The scroll wheel glides easily, but it has a peculiar feel to it. By moving it slightly or for short periods of time the wheel remains stiff. Moving it even more would cause it to spin rapidly. This is by design, but opinions will be mixed. The wheel is also able to scroll left and right, but I found it to panic most of the time and go in the other direction for some reason.

The charging station is probably my favorite part of the bundle. I love the amount of choice it gives me and it’s simply convenient to use. It basically charges both the mouse and keyboard. It rests on the metal contacts on the top bar of the keyboard, and the mouse is placed on top (in either direction).
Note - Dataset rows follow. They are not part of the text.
lemma J_int_integration_by_parts:
  assumes m: "m \<ge> 2" and q: "q \<in> {-1<..<1}"
  shows "real m / 2 * J_int m 0 q + q * (real m * J_int m 1 q) = 1 / (1 - q) ^ m"
proof -
  let ?a = "\<lambda>t. sqrt t ^ (m - 2) / (1 - t * q) ^ m"
  let ?b = "\<lambda>t. sqrt t ^ (m - 2) * t / (1 - t * q) ^ (m + 1)"
  have pos: "t * q \<noteq> 1" if "t \<in> {0..1}" for t
    using one_minus_mult_pos[OF q that] by simp
  have "((\<lambda>t. real m / 2 * ?a t + q * (real m * ?b t)) has_integral
      sqrt 1 ^ m * (1 / (1 - 1 * q) ^ m) - sqrt 0 ^ m * (1 / (1 - 0 * q) ^ m)) {0..1}"
  proof (rule fundamental_theorem_of_calculus_interior)
    show "continuous_on {0..1} (\<lambda>t. sqrt t ^ m * (1 / (1 - t * q) ^ m))"
      using pos by (intro continuous_intros) auto
    fix t :: real assume t: "t \<in> {0<..<1}"
    then have "1 - q * t \<noteq> 0" using pos[of t] by (auto simp: mult.commute)
    from DERIV_mult[OF sqrt_power_has_real_derivative
        has_real_derivative_divide_power[OF this, where a = 1 and n = m and S = UNIV]]
    have "((\<lambda>t. sqrt t ^ m * (1 / (1 - q * t) ^ m)) has_real_derivative
        real m / 2 * sqrt t ^ (m - 2) * (1 / (1 - q * t) ^ m)
        + real m * q * 1 / (1 - q * t) ^ Suc m * sqrt t ^ m) (at t)"
      using t m by simp
    moreover have "sqrt t ^ m = sqrt t ^ (m - 2 + 2)"
      using m by (simp only: le_add_diff_inverse2)
    then have "sqrt t ^ m = sqrt t ^ (m - 2) * t"
      using t by (simp only: power_add) simp
    ultimately show "((\<lambda>t. sqrt t ^ m * (1 / (1 - t * q) ^ m)) has_vector_derivative
        real m / 2 * ?a t + q * (real m * ?b t)) (at t)"
      by (simp add: has_real_derivative_iff_has_vector_derivative[symmetric] ac_simps)
  qed simp
  moreover have "integral {0..1} (\<lambda>t. real m / 2 * ?a t + q * (real m * ?b t))
      = real m / 2 * integral {0..1} ?a + q * (real m * integral {0..1} ?b)"
  proof -
    have "(\<lambda>t. real m / 2 * ?a t) integrable_on {0..1}"
      "(\<lambda>t. q * (real m * ?b t)) integrable_on {0..1}"
      using pos by (auto intro!: integrable_continuous_real continuous_intros)
    then show ?thesis
      by (simp only: integral_add integral_mult_right)
  qed
  moreover have "J_int m 0 q = integral {0..1} ?a" "J_int m 1 q = integral {0..1} ?b"
    by (simp_all add: J_int_def)
  moreover have "(0::real) ^ m = 0"
    using m by simp
  ultimately show ?thesis
    by (simp add: integral_unique)
qed

definition B_fun :: "nat \<Rightarrow> real \<Rightarrow> real \<Rightarrow> real" where
  "B_fun m c q = c * (1 - q) ^ (m - 1) * J_int m 0 q"

lemma B_fun_has_derivative:
  assumes "m \<ge> 2" "q \<in> {-1<..<1}"
  shows "(B_fun m c has_real_derivative
      c * ((1 - q) ^ (m - 1) * (real m * J_int m 1 q) - real (m - 1) * (1 - q) ^ (m - 2) * J_int m 0 q))
    (at q)"
proof -
  have "(J_int m 0 has_real_derivative real m * J_int m 1 q) (at q)"
    using J_int_has_derivative[OF assms(2), of m 0] by simp
  then show ?thesis
    unfolding B_fun_def[abs_def]
    by (auto intro!: derivative_eq_intros simp: algebra_simps numeral_2_eq_2)
qed

lemma Ck_on_B_fun: "Ck_on k {-1<..<1} (B_fun m c)"
  unfolding B_fun_def
  by (intro Ck_on_mult Ck_on_const Ck_on_power Ck_on_diff Ck_on_ident Ck_on_J_int)

text \<open>The equation \<open>(sinh^(m-1) A_c)' = c sinh^(m-1)\<close> for \<open>A_c(r) = tanh(r/2) B(tanh^2(r/2))\<close>,
  written in the variable \<open>q = tanh^2(r/2)\<close>.\<close>

lemma B_fun_ode:
  assumes m: "m \<ge> 2" and q: "q \<in> {-1<..<1}"
    and B': "(B_fun m c has_real_derivative B') (at q)"
  shows "(1 - q) * (B_fun m c q / 2 + q * B') + real (m - 1) * (1 + q) * B_fun m c q / 2 = c"
proof -
  obtain n where n: "m = Suc (Suc n)"
    using m by (metis add_2_eq_Suc le_Suc_ex)
  define y where "y = 1 - q"
  define P where "P = y ^ n"
  have "y \<noteq> 0" "P \<noteq> 0"
    using q by (auto simp: y_def P_def)
  have pows: "(1 - q) ^ (m - 1) = y * P" "(1 - q) ^ (m - 2) = P" "(1 - q) ^ m = y * (y * P)"
    by (simp_all add: n y_def P_def)
  have B'_eq: "B' = c * ((1 - q) ^ (m - 1) * (real m * J_int m 1 q)
      - real (m - 1) * (1 - q) ^ (m - 2) * J_int m 0 q)"
    using DERIV_unique[OF B' B_fun_has_derivative[OF m q]] .
  have I: "q * (real m * J_int m 1 q) = 1 / (y * (y * P)) - real m / 2 * J_int m 0 q"
    using J_int_integration_by_parts[OF m q] unfolding pows by linarith
  have "q * B' = c * (y * P) * (q * (real m * J_int m 1 q)) - c * real (m - 1) * q * P * J_int m 0 q"
    unfolding B'_eq pows by (simp add: algebra_simps)
  also have "\<dots> = c / y - c * (y * P) * (real m / 2 * J_int m 0 q)
      - c * real (m - 1) * q * P * J_int m 0 q"
    unfolding I using \<open>y \<noteq> 0\<close> \<open>P \<noteq> 0\<close> by (simp add: right_diff_distrib)
  finally have qB': "q * B' = c / y - c * (y * P) * (real m / 2 * J_int m 0 q)
      - c * real (m - 1) * q * P * J_int m 0 q" .
  have B: "B_fun m c q = c * (y * P) * J_int m 0 q"
    unfolding B_fun_def pows ..
  have q_eq: "q = 1 - y"
    by (simp add: y_def)
  show ?thesis
    unfolding qB' B unfolding q_eq using \<open>y \<noteq> 0\<close> by (simp add: n field_simps)
qed

definition psi_fun :: "nat \<Rightarrow> real \<Rightarrow> real \<Rightarrow> real" where
  "psi_fun m c q = B_fun m c q / ((1 - q) * sqrt (1 + q * B_fun m c q ^ 2))"

text \<open>The profile \<open>\<phi>\<close> must be smooth on a neighbourhood of \<open>[0,1)\<close>, so \<open>psi_fun\<close> is also
  needed at small negative \<open>q\<close>, where \<open>1 + q B^2\<close> may vanish.\<close>

definition psi_dom :: "nat \<Rightarrow> real \<Rightarrow> real set" where
  "psi_dom m c = {-1<..<1} \<inter> (\<lambda>q. 1 + q * B_fun m c q ^ 2) -` {0<..}"

lemma open_psi_dom: "open (psi_dom m c)"
proof -
  have "continuous_on {-1<..<1} (B_fun m c)"
    using Ck_on_imp_continuous_on Ck_on_B_fun by blast
  then have "continuous_on {-1<..<1} (\<lambda>q. 1 + q * B_fun m c q ^ 2)"
    by (intro continuous_intros)
  then show ?thesis
    unfolding psi_dom_def by (rule continuous_open_preimage) auto
qed

lemma atLeastLessThan_subset_psi_dom: "{0..<1} \<subseteq> psi_dom m c"
  by (auto simp: psi_dom_def add_pos_nonneg)

lemma smooth_real_on_psi_fun: "smooth_real_on (psi_dom m c) (psi_fun m c)"
  unfolding smooth_real_on_def
proof
  fix k
  have B: "Ck_on k (psi_dom m c) (B_fun m c)"
    by (rule Ck_on_subset[OF _ Ck_on_B_fun]) (auto simp: psi_dom_def)
  have "Ck_on k (psi_dom m c) (\<lambda>q. sqrt (1 + q * B_fun m c q ^ 2))"
    using B by (intro Ck_on_sqrt_comp Ck_on_add Ck_on_mult Ck_on_const Ck_on_ident Ck_on_power)
      (auto simp: psi_dom_def)
  then show "Ck_on k (psi_dom m c) (psi_fun m c)"
    unfolding psi_fun_def[abs_def]
    by (intro Ck_on_divide[OF B] Ck_on_mult Ck_on_diff Ck_on_const Ck_on_ident)
      (auto simp: psi_dom_def)
qed

lemma tanh_sq_less_one: "tanh (x::real) ^ 2 < 1"
  using tanh_real_bounds[of x] by (simp add: abs_square_less_1 abs_less_iff)

lemma sinh_eq_tanh_half: "sinh (s::real) = 2 * tanh (s / 2) / (1 - tanh (s / 2) ^ 2)"
proof -
  define u where "u = s / 2"
  have "cosh u \<noteq> 0"
    using cosh_real_pos[of u] by linarith
  have "1 - tanh u ^ 2 = (cosh u ^ 2 - sinh u ^ 2) / cosh u ^ 2"
    using \<open>cosh u \<noteq> 0\<close> by (simp add: tanh_def power_divide field_simps)
  also have "cosh u ^ 2 - sinh u ^ 2 = 1"
    using cosh_square_eq[of u] by simp
  finally have sech: "1 - tanh u ^ 2 = 1 / cosh u ^ 2" .
  have "sinh (2 * u) = 2 * tanh u / (1 - tanh u ^ 2)"
    unfolding sech sinh_double using \<open>cosh u \<noteq> 0\<close>
    by (simp add: tanh_def field_simps power2_eq_square)
  then show ?thesis
    by (simp add: u_def)
qed

lemma integral_sinh_power:
  assumes m: "m \<ge> 2" and s: "s \<ge> 0"
  shows "integral {0..s} (\<lambda>t. sinh t ^ (m - 1)) = 2 ^ (m - 1) * tanh (s / 2) ^ m * J_int m 0 (tanh (s / 2) ^ 2)"
proof -
  let ?G = "\<lambda>s. 2 ^ (m - 1) * tanh (s / 2) ^ m * J_int m 0 (tanh (s / 2) ^ 2)"
  have "(?G has_real_derivative sinh t ^ (m - 1)) (at t)" for t
  proof -
    obtain k where k: "m = Suc k"
      using m by (cases m) auto
    define T where "T = tanh (t / 2)"
    have T: "T ^ 2 \<in> {-1<..<1}" "1 - T ^ 2 \<noteq> 0"
      using tanh_sq_less_one[of "t / 2"] by (auto simp: T_def intro: less_le_trans[of _ 0])
    have "(?G has_real_derivative 2 ^ (m - 1) * (real m * T ^ (m - 1) * ((1 - T ^ 2) / 2)
        * J_int m 0 (T ^ 2) + T ^ m * (real m * J_int m 1 (T ^ 2) * (2 * T * ((1 - T ^ 2) / 2))))) (at t)"
      using J_int_has_derivative[OF T(1), of m 0]
      unfolding T_def
      by (auto intro!: derivative_eq_intros DERIV_chain2[of "J_int m 0"]) (simp add: algebra_simps)
    moreover have "2 ^ (m - 1) * (real m * T ^ (m - 1) * ((1 - T ^ 2) / 2) * J_int m 0 (T ^ 2)
        + T ^ m * (real m * J_int m 1 (T ^ 2) * (2 * T * ((1 - T ^ 2) / 2))))
      = 2 ^ k * T ^ k * (1 - T ^ 2)
        * (real m / 2 * J_int m 0 (T ^ 2) + T ^ 2 * (real m * J_int m 1 (T ^ 2)))"
      by (simp add: k field_simps power2_eq_square)
    also have "\<dots> = 2 ^ k * T ^ k * (1 - T ^ 2) / ((1 - T ^ 2) * (1 - T ^ 2) ^ k)"
      unfolding J_int_integration_by_parts[OF m T(1)] by (simp add: k)
    also have "\<dots> = (2 * T / (1 - T ^ 2)) ^ (m - 1)"
      using T(2) by (simp add: k power_divide power_mult_distrib)
    ultimately show ?thesis
      by (simp add: sinh_eq_tanh_half[of t] T_def)
  qed
  then have "((\<lambda>t. sinh t ^ (m - 1)) has_integral ?G s - ?G 0) {0..s}"
    using s by (intro fundamental_theorem_of_calculus)
      (auto simp: has_real_derivative_iff_has_vector_derivative[symmetric] intro: has_field_derivative_at_within)
  then show ?thesis
    using m by (simp add: integral_unique)
qed

lemma A_fun_eq_B_fun:
  assumes m: "m \<ge> 2" and s: "s \<ge> 0"
  shows "A_fun m c s = tanh (s / 2) * B_fun m c (tanh (s / 2) ^ 2)"
proof (cases "s = 0")
  case False
  obtain k where k: "m = Suc k"
    using m by (cases m) auto
  define T where "T = tanh (s / 2)"
  have "T > 0" "1 - T ^ 2 \<noteq> 0"
    using False s tanh_sq_less_one[of "s / 2"] by (auto simp: T_def)
  have "A_fun m c s = c / (2 * T / (1 - T ^ 2)) ^ k * (2 ^ k * T ^ Suc k * J_int m 0 (T ^ 2))"
    unfolding A_fun_def integral_sinh_power[OF m s] sinh_eq_tanh_half[of s] by (simp add: k T_def)
  also have "\<dots> = T * (c * (1 - T ^ 2) ^ k * J_int m 0 (T ^ 2))"
    using \<open>T > 0\<close> \<open>1 - T ^ 2 \<noteq> 0\<close> by (simp add: power_divide power_mult_distrib field_simps)
  finally show ?thesis
    unfolding B_fun_def T_def k by simp
qed (simp add: A_fun_def)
The fun part is the USB hub it doubles as. There are four ports in total, located on the three available sides of the device. One of them is designed to fit the Bluetooth adaptor, but it can be used with any cable if you prefer connecting it straight to your computer (or if your computer is already Bluetooth enabled).

If you find the station clunky (and you could say it is, it’s rather heavy), you can still replace the batteries like any other set. It’s the best solution I’ve seen from any wireless keyboard and mouse, but it’s not without its problems. The USB cable is not detachable, so despite being able to plug the Bluetooth adaptor into your computer, the cable will be dangling in the breeze somewhere nearby. Another problem I had was with charging. A faint whining noise was emitted while the keyboard or mouse was being recharged which will bother a lot of people.

Final Thoughts

The Desktop 8000 provides an interesting look at what can be done with a simple keyboard. You can use this one device to do so many activities, from typing a document to controlling media. Other keyboards can provide the same functions, but the 8000 is designed with elegance and ease of use in mind for it particular task. It’s a universal remote for your computer, without having to change the batteries.

Yet sadly, I don’t think there’s going to be much demand for the product. Sure, it’s nice to have that universal remote that’s able to take control of everything you use, but more people are fine with having 5 or 6 remotes by their computer if it means saving some cash.

Looking at the product at the standpoint of a HTPC user, I would have to be pretty serious about my setup to even consider getting it. The crux is that the bundle is simply too expensive. I could see myself paying $50 for the mouse, and another $150 for the keyboard at most, but combining the two at $300 is simply reaching to me. The lowest price I’ve seen it is in the range of $230, which isn’t terrible, but still higher than I’d like.

As a day-to-day user, I would pass simply because I don’t think most users would find themselves using every single feature (meaning the rest of the money spent is wasted). You’re also encouraged to use Vista (or at most, XP Media Center Edition), even though both accessories will work under XP, the experienced is marred if you don’t.

Getting to the hardware itself, the keyboard definitely takes getting used to. I’ve never been a devotee of Microsoft’s blend of ergonomic and traditional keyboards. It’s somewhere between their Natural Ergonomic Desktop 7000 and a laptop keyboard. If it’s what you like, go for it. I don’t like the exclusion of a number pad and some buttons are in odd places. It’s not even trying to resemble the standard design.

I don’t have any major complaints about the mouse, but I’m not particularly fond of it either. It works OK, but little issues that I can’t really tag with the feel remain. I think if you’re a lefty you’ll appreciate it more than a righty would, but it’s not the end of the world.

Price is the largest barrier to entry here, and I’m confident it won’t last, but it is enough to sway me from making a purchase. It’s a useful device as it stands, but only for some people. I, on the other hand am perfectly capable with using a cheaper alternative.